Oh no... What happened?? Im here if you need someone to talk to :-(


----------



## Relic (Jul 14, 2012)

No you're not...you'll be back. Put your big person pants on. Suck it up and try again.


----------



## Mo (Mar 15, 2012)

I told you im DONE! im not coming back relic. no matter what anyone says. I cant do anything right. in the past 3 days ive lost a red dragon pair. 3 HMPK boys and a HMDT male.. ive killed 6 fish in 3 days. im so stupid and cant do anything right


----------



## registereduser (Jul 30, 2010)

You think veteran breeders never lose fish? I think you should stay, take a break and try again later when you get your mojo back. :yourock:


----------



## Destinystar (May 26, 2012)

So sorry all this has happened, you have a lot to deal with and I will miss you being here, let me know if there anything I can do. :-(

I second that...:yourock:


----------



## teeneythebetta (Apr 29, 2012)

I'm so sorry Blake. 
Just take a break, or don't handle so much at once. Everyone loses fish. 

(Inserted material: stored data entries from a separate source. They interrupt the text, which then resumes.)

lemma frobenius_inner_psd_eq_0:
  assumes Y: "psd n Y" and L: "psd n L" and "frobenius_inner n Y L = 0"
  shows "L * Y = 0\<^sub>m n n"
proof -
  obtain y where y: "\<And>i j. i < n \<Longrightarrow> j < n \<Longrightarrow> Y $$ (i, j) = (\<Sum>k<n. y k i * y k j)"
    using psd_fun_gram[OF psd_imp_psd_fun[OF Y]] by blast
  have Lq: "psd_fun n (\<lambda>i j. L $$ (i, j))" using psd_imp_psd_fun[OF L] .
  have "frobenius_inner n Y L = (\<Sum>k<n. quad_form n (\<lambda>i j. L $$ (i, j)) (y k))"
    by (rule frobenius_inner_gram) (rule y)
  then have "\<forall>k\<in>{..<n}. quad_form n (\<lambda>i j. L $$ (i, j)) (y k) = 0"
    using assms(3) Lq unfolding psd_fun_def by (subst sum_nonneg_eq_0_iff[symmetric]) auto
  then have Ly: "(\<Sum>j<n. L $$ (i, j) * y k j) = 0" if "i < n" "k < n" for i k
    using psd_fun_null[OF Lq _ that(1)] that(2) by blast
  have "(L * Y) $$ (i, l) = 0" if "i < n" "l < n" for i l
  proof -
    have "(L * Y) $$ (i, l) = (\<Sum>j<n. L $$ (i, j) * Y $$ (j, l))"
      using that Y L unfolding psd_def by (auto intro: mult_mat_index_sum)
    also have "\<dots> = (\<Sum>j<n. \<Sum>k<n. L $$ (i, j) * y k j * y k l)"
      using that by (intro sum.cong refl) (simp add: y sum_distrib_left mult.assoc)
    also have "\<dots> = (\<Sum>k<n. (\<Sum>j<n. L $$ (i, j) * y k j) * y k l)"
      by (subst sum.swap) (simp add: sum_distrib_right)
    finally show ?thesis using Ly[OF that(1)] by simp
  qed
  then show ?thesis using Y L unfolding psd_def by (intro eq_matI) auto
qed

lemma frobenius_inner_eq_0_if_mult_eq_0:
  assumes Y: "(Y :: real mat) \<in> carrier_mat n n" and L: "L \<in> carrier_mat n n"
    and "transpose_mat L = L" and "Y * L = 0\<^sub>m n n"
  shows "frobenius_inner n Y L = 0"
proof -
  have "L $$ (i, j) = L $$ (j, i)" if "i < n" "j < n" for i j
    using symmetric_mat_entry[OF assms(3) L that] .
  then have "(Y * L) $$ (i, i) = (\<Sum>j<n. Y $$ (i, j) * L $$ (i, j))" if "i < n" for i
    by (subst mult_mat_index_sum[OF Y L that that]) (auto intro!: sum.cong simp: that)
  then have "frobenius_inner n Y L = (\<Sum>i<n. (Y * L) $$ (i, i))"
    unfolding frobenius_inner_def by simp
  then show ?thesis using assms(4) by simp
qed

lemma mult_eq_0_if_col_space_kernel:
  assumes Y: "(Y :: real mat) \<in> carrier_mat n n" and L: "L \<in> carrier_mat n n"
    and ker: "col_space n L \<subseteq> mat_kernel Y"
  shows "Y * L = 0\<^sub>m n n"
proof (rule eq_matI)
  fix i l assume "i < dim_row (0\<^sub>m n n :: real mat)" "l < dim_col (0\<^sub>m n n :: real mat)"
  then have il: "i < n" "l < n" by auto
  have "L *\<^sub>v unit_vec n l \<in> mat_kernel Y" using ker unit_vec_carrier unfolding col_space_def by blast
  then have "(Y *\<^sub>v (L *\<^sub>v unit_vec n l)) $ i = 0" using Y il by (simp add: mat_kernel_def)
  moreover have "L *\<^sub>v unit_vec n l = col L l" using L il by (intro eq_vecI) auto
  then have "(Y *\<^sub>v (L *\<^sub>v unit_vec n l)) $ i = (Y * L) $$ (i, l)" using Y L il by simp
  ultimately show "(Y * L) $$ (i, l) = 0\<^sub>m n n $$ (i, l)" using il by simp
qed (use Y L in auto)

section \<open>Orthogonal projections\<close>

lemma (in vec_space) orthogonal_family_card_le:
  fixes q :: "nat \<Rightarrow> 'a vec"
  assumes "\<forall>k<m. q k \<in> carrier_vec n" and "\<forall>k<m. q k \<bullet> q k \<noteq> 0"
    and "\<forall>k<m. \<forall>l<m. k \<noteq> l \<longrightarrow> q k \<bullet> q l = 0"
  shows "m \<le> n"
proof -
  let ?S = "q ` {..<m}"
  have inj: "inj_on q {..<m}"
    using assms(2,3) by (intro inj_onI) (metis lessThan_iff)
  have S: "?S \<subseteq> carrier_vec n" using assms(1) by auto
  have "\<not> lin_dep ?S"
  proof
    assume "lin_dep ?S"
    then obtain A a v where fin: "finite A" and A: "A \<subseteq> ?S"
      and lc: "lincomb a A = 0\<^sub>v n" and v: "v \<in> A" and av: "a v \<noteq> 0"
      unfolding lin_dep_def by auto
    have AC: "A \<subseteq> carrier_vec n" using A S by auto
    have vC: "v \<in> carrier_vec n" using v AC by auto
    have others: "w \<bullet> v = 0" if "w \<in> A - {v}" for w
      using that A v assms(3) by blast
    have "lincomb a A \<bullet> v = (\<Sum>w\<in>A. a w * (w \<bullet> v))"
      unfolding lincomb_def using AC vC
      by (subst finsum_scalar_prod_sum) (auto intro!: sum.cong)
    also have "\<dots> = a v * (v \<bullet> v)"
      using fin v others by (simp add: sum.remove)
    finally have "a v * (v \<bullet> v) = 0" using lc vC by simp
    moreover have "v \<bullet> v \<noteq> 0" using v A assms(2) by auto
    ultimately show False using av by simp
  qed
  then have "card ?S \<le> dim" by (rule li_le_dim(2)[OF fin_dim S])
  then show ?thesis using card_image[OF inj] dim_is_n by simp
qed

lemma subspace_carrier: "is_subspace n U \<Longrightarrow> U \<subseteq> carrier_vec n"
  unfolding is_subspace_def by auto

lemma subspace_diff_mem:
  assumes "is_subspace n U" "u \<in> U" "v \<in> U"
  shows "u - v \<in> U"
proof -
  have "u - v = u + (-1) \<cdot>\<^sub>v v"
    using assms subspace_carrier[OF assms(1)] by (intro eq_vecI) auto
  then show ?thesis using assms unfolding is_subspace_def by metis
qed

lemma subspace_lincomb_mem:
  fixes m :: nat
  assumes "is_subspace n U" "\<forall>k<m. q k \<in> U"
  shows "vec n (\<lambda>i. \<Sum>k<m. d k * q k $ i) \<in> U"
  using assms(2)
proof (induction m)
  case 0
  have "vec n (\<lambda>i. \<Sum>k<0. d k * q k $ i) = 0\<^sub>v n" by (intro eq_vecI) auto
  then show ?case using assms(1) unfolding is_subspace_def by simp
next
  case (Suc m)
  have "q m \<in> carrier_vec n" using Suc.prems assms(1) subspace_carrier by blast
  then have "vec n (\<lambda>i. \<Sum>k<Suc m. d k * q k $ i) = vec n (\<lambda>i. \<Sum>k<m. d k * q k $ i) + d m \<cdot>\<^sub>v q m"
    by (intro eq_vecI) auto
  then show ?case using Suc assms(1) unfolding is_subspace_def by simp
qed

If you still decide to leave, I'm sorry. Well miss you. ):


----------



## RandyTheBettaFish (Jul 11, 2012)

Well thats just horrible and im sorry it had to happen!! You will be missed, you were so helpful! ),:


----------



## Relic (Jul 14, 2012)

Mo said:


> I told you im DONE! im not coming back relic. no matter what anyone says. I cant do anything right. in the past 3 days ive lost a red dragon pair. 3 HMPK boys and a HMDT male.. ive killed 6 fish in 3 days. im so stupid and cant do anything right


EVERYONE looses fish...You're trying to create a whole world inside a tiny glass box! It's not easy. If you have to start from scratch, so be it. Learn what you did wrong the first time and try to correct it or keep it from happening again.


----------



## Oldfishlady (Mar 1, 2010)

Keeping and Breeding this species can get really frustrating and it can be heart breaking at times. But sadly its part of the game...you are going to have failures...we all have them...Sometimes you have to take a step back and reevaluate everything and sometimes you have to start over.

But now you have more knowledge-made some mistakes-learned from them...Now its time to move on with the knowledge so that you can be successful.....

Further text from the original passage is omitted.